Seurat sketch thought to be stolen by Nazis is seized from Paris art dealer

The Independent 21 February 2008
By John Lichfield in Paris

A long-lost sketch for one of the most famous French paintings of the late 19th century has been seized by police from an art dealer in Paris. The preliminary study by the pointillist artist Georges Seurat, painted on the lid of a cigar box, was assumed to have been stolen by the Nazis during the Second World War.  

French investigators searching for looted Jewish-owned art want to know why the tiny painting, valued at €5m (£3.75m), has suddenly turned up in the hands of a French art dealer. The Etude de L'Ile de la Grande Jatte is one of more than 50 studies painted by Seurat between 1884 and 1886 for his celebrated painting of heavily clothed sunbathers on an island in the river Seine.

The completed canvas, Un Dimanche à la Grande Jatte, is 9ft by 6ft and owned by the Art Institute of Chicago. The study seized by French police shows almost the same scene but is painted on a cigar-box lid the size of a standard exercise book.

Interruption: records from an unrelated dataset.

theorem mainTheorem4:
  fixes r :: "'n::finite \<Rightarrow> real^'d"
    and alpha lam_mu gamma tau lam_min :: real
    and l u wprev mu0 :: "real^'d"
    and Sigma0 :: "real^'d^'d"
    and what :: "real^'d \<Rightarrow> real^'d^'d \<Rightarrow> real^'d"
  assumes "0 < alpha" "alpha < 1" "0 \<le> lam_mu" "0 < gamma"
    and "\<forall>i. l $ i \<le> u $ i" "0 \<le> tau"
    and "feasible_set l u wprev tau \<noteq> {}"
    and "\<forall>mu S. sym_mat S \<and> psd_ge S 0 \<longrightarrow>
           is_minimizer_on (objF lam_mu gamma alpha r mu S)
             (feasible_set l u wprev tau) (what mu S)"
    and "sym_mat Sigma0" "0 < lam_min" "psd_ge Sigma0 lam_min"
  shows "\<exists>c_mu c_Sigma. 0 \<le> c_mu \<and> 0 \<le> c_Sigma \<and>
    (\<forall>dmu dSigma. sym_mat dSigma \<and> psd_ge (Sigma0 + dSigma) 0 \<longrightarrow>
       norm (what (mu0 + dmu) (Sigma0 + dSigma) - what mu0 Sigma0)
         \<le> (c_mu * norm dmu + c_Sigma * op_norm dSigma) / lam_min)"
proof -
  txt \<open>The hypotheses on l, u, tau and nonemptiness of the feasible set only guarantee that
    minimizers exist; their existence is assumed directly.\<close>
  define B where "B = (\<Sum>i\<in>UNIV. \<bar>l $ i\<bar> + \<bar>u $ i\<bar>)"
  have minimizer: "is_minimizer_on (objF lam_mu gamma alpha r mu S) (feasible_set l u wprev tau) (what mu S)"
    if "sym_mat S" "psd_ge S 0" for mu S
    using assms(8) that by blast
  have "psd_ge Sigma0 0"
    using psd_ge_mono[OF assms(11)] assms(10) by simp
  then have "norm (what (mu0 + dmu) (Sigma0 + dSigma) - what mu0 Sigma0)
      \<le> ((2 * lam_mu / gamma) * norm dmu + (4 * B) * op_norm dSigma) / lam_min"
    if "sym_mat dSigma" "psd_ge (Sigma0 + dSigma) 0" for dmu dSigma
    unfolding B_def using assms(1)
    by (intro objF_minimizer_stability[OF _ assms(2-4,10,11) that(1)
          minimizer[OF assms(9) \<open>psd_ge Sigma0 0\<close>] minimizer[OF sym_mat_add[OF assms(9) that(1)] that(2)]])
      simp
  moreover have "0 \<le> 2 * lam_mu / gamma" "0 \<le> 4 * B"
    using assms(3,4) unfolding B_def by (auto intro: sum_nonneg)
  ultimately show ?thesis
    by blast
qed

Like the finished canvas it uses the technique perfected by Seurat of painting not in brush strokes, but with thousands of tiny blobs, or points, of oil-paint. The study may well have been painted by Seurat on the island itself and taken to his studio as one of more than 50 preliminary sketches for the final canvas.

Its recovery coincides with an exhibition in Jerusalem this week of 53 paintings seized by the Nazis in France – including another Seurat – whose legitimate owners have not been traced. The exhibition, which moves to Paris in June, shows only a fraction of the 2,000 French-Jewish owned art works recovered from Germany after the war but still in the custody of the French state.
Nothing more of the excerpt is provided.